In the entries below, how many lines contain "cdot"? Answer with the number and nothing else.

*** Opening Supplied data ***

(* Let $\phi$ and $\psi$ be injective endomorphisms of $F_n$. Then there is a constant $M$ such that for all distinct $\alpha_1,\alpha_2\in \mathrm{Eq}(\widehat\phi,\widehat\psi)$, setting $\alpha=\alpha_1\wedge\alpha_2$ (a finite word), the reduced form of $(\alpha\phi)^{-1}(\alpha\psi)$ has length at most $M$.
   Context: $F_n$ is the free group on a finite basis $A$; elements are identified with reduced words over $\widetilde A=A\cup A^{-1}$, $|u|$ is the length of a reduced word; maps are written on the right. For reduced (finite or infinite) words $u,v$, $u\wedge v$ is their longest common prefix. $\widehat F_n$ is the completion of $F_n$ for the prefix metric $d(u,v)=2^{-|u\wedge v|}$ ($u\ne v$), i.e. the set of all finite and infinite reduced words over $\widetilde A$. An injective endomorphism $\phi$ of $F_n$ has a unique continuous extension $\widehat\phi$ to $\widehat F_n$. For maps $f,g$ with the same domain, $\mathrm{Eq}(f,g)=\{x\mid xf=xg\}$. *)

theory Defs
  imports Main
begin

text \<open>Letters of the free group on the finite basis of type 'a:
  (a, False) stands for the generator a, (a, True) for its inverse a^-1.\<close>
type_synonym 'a letter = "'a \<times> bool"

definition inv_letter :: "'a letter \<Rightarrow> 'a letter" where
  "inv_letter x = (fst x, \<not> snd x)"

definition reduced :: "'a letter list \<Rightarrow> bool" where
  "reduced xs \<longleftrightarrow> (\<forall>i. Suc i < length xs \<longrightarrow> xs ! Suc i \<noteq> inv_letter (xs ! i))"

fun red_cons :: "'a letter \<Rightarrow> 'a letter list \<Rightarrow> 'a letter list" where
  "red_cons x [] = [x]"
| "red_cons x (y # ys) = (if y = inv_letter x then ys else x # y # ys)"

definition reduce :: "'a letter list \<Rightarrow> 'a letter list" where
  "reduce xs = foldr red_cons xs []"

definition winv :: "'a letter list \<Rightarrow> 'a letter list" where
  "winv xs = rev (map inv_letter xs)"

definition img_letter :: "('a \<Rightarrow> 'a letter list) \<Rightarrow> 'a letter \<Rightarrow> 'a letter list" where
  "img_letter f x = (if snd x then winv (f (fst x)) else f (fst x))"

definition endo :: "('a \<Rightarrow> 'a letter list) \<Rightarrow> 'a letter list \<Rightarrow> 'a letter list" where
  "endo f xs = reduce (concat (map (img_letter f) xs))"

definition injective_endo :: "('a \<Rightarrow> 'a letter list) \<Rightarrow> bool" where
  "injective_endo f \<longleftrightarrow> inj_on (endo f) {xs. reduced xs}"
(* Let $i\in\{0,\dots,t-1\}$ and let $i(0),\dots,i(\lg t-1)\in\{0,1\}$ be such that $i=\sum_{k}i(k)\cdot 2^k$. Let $\mathcal Y_i=\{y^{i(k),i(\ell)}_{k,\ell} : 0\le k\le\ell\le\lg t-1\}$, where $y^{i(k),i(\ell)}_{k,\ell}$ is taken to be the empty item (weight and profit $0$) if $i(k)=i(\ell)=0$. Then $p(\mathcal Y_i)=w(\mathcal Y_i)+\left(\binom{i+1}{2}-\frac{i}{3}\right)\cdot 9nB$.
   Context: $n\ge1$ and $B$ are positive integers (in the paper $B=B_n+nX$ with $B_n=\sum_{j=1}^{3n}(3n+1)^j$, $X=3tnB_n$). Let $t$ be a power of two, $\lg$ the base-2 logarithm, $Y=3t^2nB$, and fix a bijection $f:\{0,\dots,\lg t-1\}^2\to\{0,\dots,(\lg t)^2-1\}$. Quadratization items: for each $0\le k<\ell\le\lg t-1$, items $y^{1,0}_{k,\ell}$ with $w=p=3^{f(k,\ell)}Y$; $y^{0,1}_{k,\ell}$ with $w=p=3^{f(\ell,k)}Y$; and $y^{1,1}_{k,\ell}$ with $w=(3^{f(k,\ell)}+3^{f(\ell,k)})Y$ and $p=(3^{f(k,\ell)}+3^{f(\ell,k)})Y+2^{k+\ell}\cdot 9nB$; and for each $0\le k\le\lg t-1$ an item $y^{1,1}_{k,k}$ with $w=3^{f(k,k)}Y$ and $p=3^{f(k,k)}Y+2^{2k}\cdot 4.5nB+2^k\cdot 1.5nB$. For a set $\mathcal S$ of items, $w(\mathcal S)=\sum_{x\in\mathcal S}w(x)$, $p(\mathcal S)=\sum_{x\in\mathcal S}p(x)$. *)

theory Defs
  imports Main "HOL.Real"
begin

text \<open>Parameters: n, B (positive integers), L = lg t (so t = 2^L), and the bijection
  f from {0..L-1}^2 onto {0..L^2-1}.  An item y^{a,b}_{k,l} is identified by its label
  (a, b, k, l).  Labels that do not denote an item of the construction, and the
  "empty item" y^{0,0}_{k,l}, get weight and profit 0.\<close>

definition quadY :: "nat \<Rightarrow> nat \<Rightarrow> nat \<Rightarrow> real" where
  "quadY n B L = 3 * (2 ^ L) ^ 2 * real n * real B"

definition item_w :: "nat \<Rightarrow> nat \<Rightarrow> nat \<Rightarrow> (nat \<times> nat \<Rightarrow> nat) \<Rightarrow> nat \<times> nat \<times> nat \<times> nat \<Rightarrow> real" where
  "item_w n B L f x = (case x of (a, b, k, l) \<Rightarrow>
     if k < l \<and> l < L \<and> a = 1 \<and> b = 0 then 3 ^ f (k, l) * quadY n B L
     else if k < l \<and> l < L \<and> a = 0 \<and> b = 1 then 3 ^ f (l, k) * quadY n B L
     else if k < l \<and> l < L \<and> a = 1 \<and> b = 1 then (3 ^ f (k, l) + 3 ^ f (l, k)) * quadY n B L
     else if k = l \<and> l < L \<and> a = 1 \<and> b = 1 then 3 ^ f (k, k) * quadY n B L
     else 0)"

definition item_p :: "nat \<Rightarrow> nat \<Rightarrow> nat \<Rightarrow> (nat \<times> nat \<Rightarrow> nat) \<Rightarrow> nat \<times> nat \<times> nat \<times> nat \<Rightarrow> real" where
  "item_p n B L f x = (case x of (a, b, k, l) \<Rightarrow>
     if k < l \<and> l < L \<and> a = 1 \<and> b = 0 then 3 ^ f (k, l) * quadY n B L
     else if k < l \<and> l < L \<and> a = 0 \<and> b = 1 then 3 ^ f (l, k) * quadY n B L
     else if k < l \<and> l < L \<and> a = 1 \<and> b = 1 then
       (3 ^ f (k, l) + 3 ^ f (l, k)) * quadY n B L + 2 ^ (k + l) * 9 * real n * real B
     else if k = l \<and> l < L \<and> a = 1 \<and> b = 1 then
       3 ^ f (k, k) * quadY n B L + 2 ^ (2 * k) * 4.5 * real n * real B + 2 ^ k * 1.5 * real n * real B
     else 0)"

definition set_w where "set_w n B L f S = (\<Sum>x\<in>S. item_w n B L f x)"
definition set_p where "set_p n B L f S = (\<Sum>x\<in>S. item_p n B L f x)"

definition Yset :: "nat \<Rightarrow> (nat \<Rightarrow> nat) \<Rightarrow> (nat \<times> nat \<times> nat \<times> nat) set" where
  "Yset L ib = {(ib k, ib l, k, l) | k l. k \<le> l \<and> l < L}"

end

theory Submission
  imports Defs
begin

text \<open>Let b be the bits of i and x_l = b_l 2^l, so that i is the sum of the x_l.
  The item with indices k \<le> l adds 9nB x_k x_l to p - w if k < l, and, because
  b_l^2 = b_l, it adds 9nB (x_l^2/2 + x_l/6) if k = l.  So row l adds
  9nB (x_l s + x_l^2/2 + x_l/6), where s = x_0 + ... + x_(l-1): exactly the increase of
  9nB (s^2/2 + s/6) when s grows by x_l.  Hence p - w = 9nB (i^2/2 + i/6), and
  i^2/2 + i/6 = (i+1 choose 2) - i/3.\<close>

definition item_excess :: "nat \<Rightarrow> nat \<Rightarrow> nat \<Rightarrow> nat \<Rightarrow> real" where
  "item_excess a b k l = real (a * b) *
     (if k < l then 2 ^ (k + l) * 9 else 2 ^ (2 * k) * 4.5 + 2 ^ k * 1.5)"

lemma item_p_eq_item_w_plus_excess:
  assumes "a \<in> {0, 1}" "b \<in> {0, 1}" "k \<le> l" "l < L"
  shows "item_p n B L f (a, b, k, l)
       = item_w n B L f (a, b, k, l) + item_excess a b k l * real n * real B"
  using assms by (auto simp: item_p_def item_w_def item_excess_def algebra_simps)

lemma sum_Yset:
  "(\<Sum>x\<in>Yset L ib. g x) = (\<Sum>l<L. \<Sum>k\<le>l. g (ib k, ib l, k, l))"
proof -
  let ?label = "\<lambda>(l, k). (ib k, ib l, k, l)"
  have "Yset L ib = ?label ` (SIGMA l:{..<L}. {..l})"
    unfolding Yset_def by force
  moreover have "inj_on ?label (SIGMA l:{..<L}. {..l})"
    by (auto simp: inj_on_def)
  ultimately show ?thesis
    by (simp add: sum.reindex sum.Sigma split_def)
qed

lemma sum_item_excess_row:
  assumes "b l \<in> {0, 1}"
  shows "(\<Sum>k\<le>l. item_excess (b k) (b l) k l)
       = 9 * (real (b l) * 2 ^ l) * real (\<Sum>k<l. b k * 2 ^ k)
         + 4.5 * (real (b l) * 2 ^ l)\<^sup>2 + 1.5 * (real (b l) * 2 ^ l)"
proof -
  have "(\<Sum>k<l. item_excess (b k) (b l) k l)
      = (\<Sum>k<l. 9 * (real (b l) * 2 ^ l) * (real (b k) * 2 ^ k))"
    by (intro sum.cong) (auto simp: item_excess_def power_add)
  moreover have "item_excess (b l) (b l) l l = 4.5 * (real (b l) * 2 ^ l)\<^sup>2 + 1.5 * (real (b l) * 2 ^ l)"
    using assms by (auto simp: item_excess_def power_mult_distrib power_mult mult.commute)
  ultimately show ?thesis
    by (simp add: lessThan_Suc_atMost[symmetric] sum_distrib_left)
qed

lemma sum_item_excess_triangle:
  assumes "\<forall>k<L. b k \<in> {0, 1}"
  shows "(\<Sum>l<L. \<Sum>k\<le>l. item_excess (b k) (b l) k l)
       = 9 * ((real (\<Sum>k<L. b k * 2 ^ k))\<^sup>2 / 2 + real (\<Sum>k<L. b k * 2 ^ k) / 6)"
  using assms
proof (induction L)
  case 0
  then show ?case by simp
next
  case (Suc L)
  define I where "I = real (\<Sum>k<L. b k * 2 ^ k)"
  define x where "x = real (b L) * 2 ^ L"
  have "(\<Sum>l<Suc L. \<Sum>k\<le>l. item_excess (b k) (b l) k l)
      = 9 * (I\<^sup>2 / 2 + I / 6) + (9 * x * I + 4.5 * x\<^sup>2 + 1.5 * x)"
    using Suc sum_item_excess_row[of b L] by (simp add: I_def x_def)
  also have "\<dots> = 9 * ((I + x)\<^sup>2 / 2 + (I + x) / 6)"
    by (simp add: power2_sum field_simps)
  also have "I + x = real (\<Sum>k<Suc L. b k * 2 ^ k)"
    by (simp add: I_def x_def)
  finally show ?case .
qed

lemma choose_2_Suc: "real (Suc i choose 2) = real i * (real i + 1) / 2"
  by (induction i) (simp_all add: numeral_2_eq_2 field_simps)

theorem lemma4:
  fixes n B L i :: nat and t :: nat and f :: "nat \<times> nat \<Rightarrow> nat" and ib :: "nat \<Rightarrow> nat"
  assumes "n \<ge> 1" and "B \<ge> 1"
    and "t = 2 ^ L"
    and "bij_betw f ({0..<L} \<times> {0..<L}) {0..<L ^ 2}"
    and "i < t"
    and "\<forall>k<L. ib k \<in> {0, 1}"
    and "i = (\<Sum>k<L. ib k * 2 ^ k)"
  shows "set_p n B L f (Yset L ib)
       = set_w n B L f (Yset L ib) + (real ((i + 1) choose 2) - real i / 3) * 9 * real n * real B"
proof -
  have "set_p n B L f (Yset L ib)
      = (\<Sum>l<L. \<Sum>k\<le>l. item_w n B L f (ib k, ib l, k, l) + item_excess (ib k) (ib l) k l * real n * real B)"
    unfolding set_p_def sum_Yset using assms(6)
    by (intro sum.cong refl item_p_eq_item_w_plus_excess) auto
  also have "\<dots> = set_w n B L f (Yset L ib)
      + (\<Sum>l<L. \<Sum>k\<le>l. item_excess (ib k) (ib l) k l) * real n * real B"
    by (simp add: set_w_def sum_Yset sum.distrib sum_distrib_right)
  also have "\<dots> = set_w n B L f (Yset L ib) + 9 * ((real i)\<^sup>2 / 2 + real i / 6) * real n * real B"
    by (simp add: sum_item_excess_triangle[OF assms(6)] assms(7)[symmetric])
  also have "(real i)\<^sup>2 / 2 + real i / 6 = real ((i + 1) choose 2) - real i / 3"
    by (simp add: choose_2_Suc power2_eq_square field_simps)
  finally show ?thesis
    by simp
qed

end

*** Closing Supplied data ***

Response to this exercise: 2